1.7 aanduidingsgrens:

de grens van een aanduiding indien het een vlak betreft.

1.8 achtererf:

het bij het hoofdgebouw behorende erf, dat is gelegen achter de achtergevellijn of in ieder geval achter het bouwvlak.

1.9 achtergevel:

de gevel achter de voorgevel, meestal evenwijdig daaraan, zoals deze oorspronkelijk bij de bouw is gerealiseerd.

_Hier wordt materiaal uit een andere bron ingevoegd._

lemma solves_eig_0_constant_on_edges:
  fixes g :: "'e::finite \<Rightarrow> real \<Rightarrow> complex"
  assumes len: "\<forall>e. len e > 0" and sol: "solves_eig src tgt len 0 g"
  shows "\<forall>t\<in>edge_int len e. g e t = g e 0"
proof -
  define b where "b e = edge_deriv len g e 0" for e
  have end_in: "len e \<in> edge_int len e" for e
    using len by (simp add: edge_int_def less_imp_le)
  have kirchhoff: "(\<Sum>e\<in>{e. src e = v}. b e) = (\<Sum>e\<in>{e. tgt e = v}. b e)" for v
  proof -
    have "(\<Sum>e\<in>{e. src e = v}. edge_deriv len g e 0)
        - (\<Sum>e\<in>{e. tgt e = v}. edge_deriv len g e (len e)) = 0"
      using sol unfolding solves_eig_def by blast
    then show ?thesis
      using solves_eig_0_affine_on_edge(2)[OF len[rule_format] sol end_in] by (simp add: b_def)
  qed
  obtain \<phi> where \<phi>: "\<And>e. g e 0 = \<phi> (src e)" "\<And>e. g e (len e) = \<phi> (tgt e)"
    using solves_eig_vertex_values[OF sol] by blast
  have energy_term:
    "(cnj (\<phi> (tgt e)) - cnj (\<phi> (src e))) * b e = complex_of_real (len e * (cmod (b e))\<^sup>2)" for e
  proof -
    have "\<phi> (tgt e) - \<phi> (src e) = b e * len e"
      using solves_eig_0_affine_on_edge(1)[OF len[rule_format] sol end_in, of e] \<phi>[of e]
      by (simp add: b_def)
    then have "cnj (\<phi> (tgt e)) - cnj (\<phi> (src e)) = cnj (b e) * len e"
      by (metis complex_cnj_diff complex_cnj_mult complex_cnj_complex_of_real)
    then have "(cnj (\<phi> (tgt e)) - cnj (\<phi> (src e))) * b e = len e * (b e * cnj (b e))"
      by (simp add: ac_simps)
    then show ?thesis
      by (simp only: complex_norm_square[symmetric] of_real_mult)
  qed
  \<comment> \<open>Discrete Green identity for the conjugate potential: the Dirichlet energy vanishes.\<close>
  have "(\<Sum>e\<in>UNIV. (cnj (\<phi> (tgt e)) - cnj (\<phi> (src e))) * b e) = 0"
    using kirchhoff by (rule sum_potential_difference_conserved_flow)
  then have "complex_of_real (\<Sum>e\<in>UNIV. len e * (cmod (b e))\<^sup>2) = 0"
    by (simp only: of_real_sum energy_term)
  then have "(\<Sum>e\<in>UNIV. len e * (cmod (b e))\<^sup>2) = 0"
    by (simp only: of_real_eq_0_iff)
  then have "\<forall>e\<in>UNIV. len e * (cmod (b e))\<^sup>2 = 0"
    using len by (subst (asm) sum_nonneg_eq_0_iff) (auto simp: less_imp_le)
  then have "b e = 0"
    using len by (metis UNIV_I mult_eq_0_iff norm_eq_zero power_eq_0_iff less_irrefl)
  then show ?thesis
    using solves_eig_0_affine_on_edge(1)[OF len[rule_format] sol] by (simp add: b_def)
qed

lemma edge_nonzero_iff_trig_coeffs:
  assumes "k > 0" "len e > 0" and g: "\<forall>t\<in>edge_int len e. g e t = trig_comb A B k t"
  shows "edge_nonzero len g e \<longleftrightarrow> (A, B) \<noteq> (0, 0)"
proof
  assume "edge_nonzero len g e"
  then show "(A, B) \<noteq> (0, 0)" using g by (auto simp: edge_nonzero_def)
next
  assume "(A, B) \<noteq> (0, 0)"
  then have "\<not> (\<forall>t\<in>{0..len e}. trig_comb A B k t = trig_comb 0 0 k t)"
    using trig_comb_coeffs_unique[OF \<open>len e > 0\<close> \<open>k > 0\<close>] by blast
  then show "edge_nonzero len g e" using g by (auto simp: edge_nonzero_def edge_int_def)
qed

lemma solves_eig_trace_k_end_coeffs:
  assumes len: "\<forall>e. len e > 0" and "k \<ge> 0" and sol: "solves_eig src tgt len k g"
  shows "\<exists>A B. trace_k k len g e = end_coeffs A B (k * len e)"
proof (cases "k = 0")
  case True
  have "len e \<in> edge_int len e" using len by (simp add: edge_int_def less_imp_le)
  then have "g e (len e) = g e 0"
    using solves_eig_0_constant_on_edges[OF len, of src tgt g e] sol True by simp
  then have "trace_k k len g e = end_coeffs (g e 0) 0 (k * len e)"
    using True by (simp add: trace_k_def end_coeffs_def)
  then show ?thesis by blast
next
  case False
  then have "k > 0" using \<open>k \<ge> 0\<close> by simp
  then obtain A B where "\<forall>t\<in>edge_int len e. g e t = trig_comb A B k t"
    using solves_eig_trig_comb_on_edge[OF _ sol] by blast
  then show ?thesis
    using trace_k_eq_end_coeffs[where len=len and e=e, OF \<open>k > 0\<close>] len by blast
qed

lemma solves_eig_trace_k_supp:
  assumes "k > 0" "len e > 0" and sol: "solves_eig src tgt len k f"
  obtains A B where "trace_k k len f e = end_coeffs A B (k * len e)"
    and "e \<in> supp_edges len f \<longleftrightarrow> (A, B) \<noteq> (0, 0)"
proof -
  obtain A B where f: "\<forall>t\<in>edge_int len e. f e t = trig_comb A B k t"
    using solves_eig_trig_comb_on_edge[OF \<open>k > 0\<close> sol] by blast
  show ?thesis
  proof
    show "trace_k k len f e = end_coeffs A B (k * len e)"
      using trace_k_eq_end_coeffs[where len=len and e=e and g=f, OF assms(1,2) f] .
    show "e \<in> supp_edges len f \<longleftrightarrow> (A, B) \<noteq> (0, 0)"
      using edge_nonzero_iff_trig_coeffs[where len=len and e=e and g=f, OF assms(1,2) f]
      by (simp add: supp_edges_def)
  qed
qed

lemma edge_deriv_vanishing_edge:
  assumes "len e > 0" "\<not> edge_nonzero len g e" "t \<in> edge_int len e"
  shows "edge_deriv len g e t = 0"
proof -
  have "\<And>s. s \<in> edge_int len e \<Longrightarrow> g e s = 0"
    using assms(2) by (simp add: edge_nonzero_def)
  then have "(g e has_vector_derivative 0) (at t within edge_int len e)"
    using has_vector_derivative_transform[OF assms(3), of "g e" "\<lambda>_. 0"] by simp
  then show ?thesis
    using vector_derivative_within_closed_interval[OF assms(1)] assms(3)
    by (simp add: edge_deriv_def edge_int_def)
qed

1.10 achterste perceelsgrens:

de van de weg af gekeerde grens van een perceel; indien meerdere zijden van het perceel van de weg zijn afgekeerd, wijzen burgemeester en wethouders een achterste perceelsgrens aan.

1.11 ander bouwwerk:

een bouwwerk, geen gebouw zijnde;

1.12 archeologische waarde:

de aan een gebied toegerekende waarde in verband met de kennis en de studie van de in dat gebied voorkomende overblijfselen van menselijke aanwezigheid of activiteit uit oude tijden;

1.13 bebouwing:

één of meer gebouwen en/of bouwwerken geen gebouwen zijnde;

1.14 bedrijf:

een onderneming waarbij het accent ligt op het vervaardigen, bewerken, installeren, inzamelen en verhandelen van goederen, waarbij eventueel detailhandel uitsluitend plaatsvindt als ondergeschikt onderdeel van de onderneming in de vorm van verkoop c.q. levering van ter plaatse vervaardigde, bewerkte of herstelde goederen dan wel goederen die in rechtstreeks verband staan met de uitgeoefende handelingen.

1.15 bestaand gebruik:

het gebruik van gronden of gebouwen dat op het tijdstip van de inwerkingtreding van het plan bestaat;

1.16 bestemmingsgrens:

de grens van een bestemmingsvlak.

1.17 bestemmingsvlak:

een geometrisch bepaald vlak met eenzelfde bestemming.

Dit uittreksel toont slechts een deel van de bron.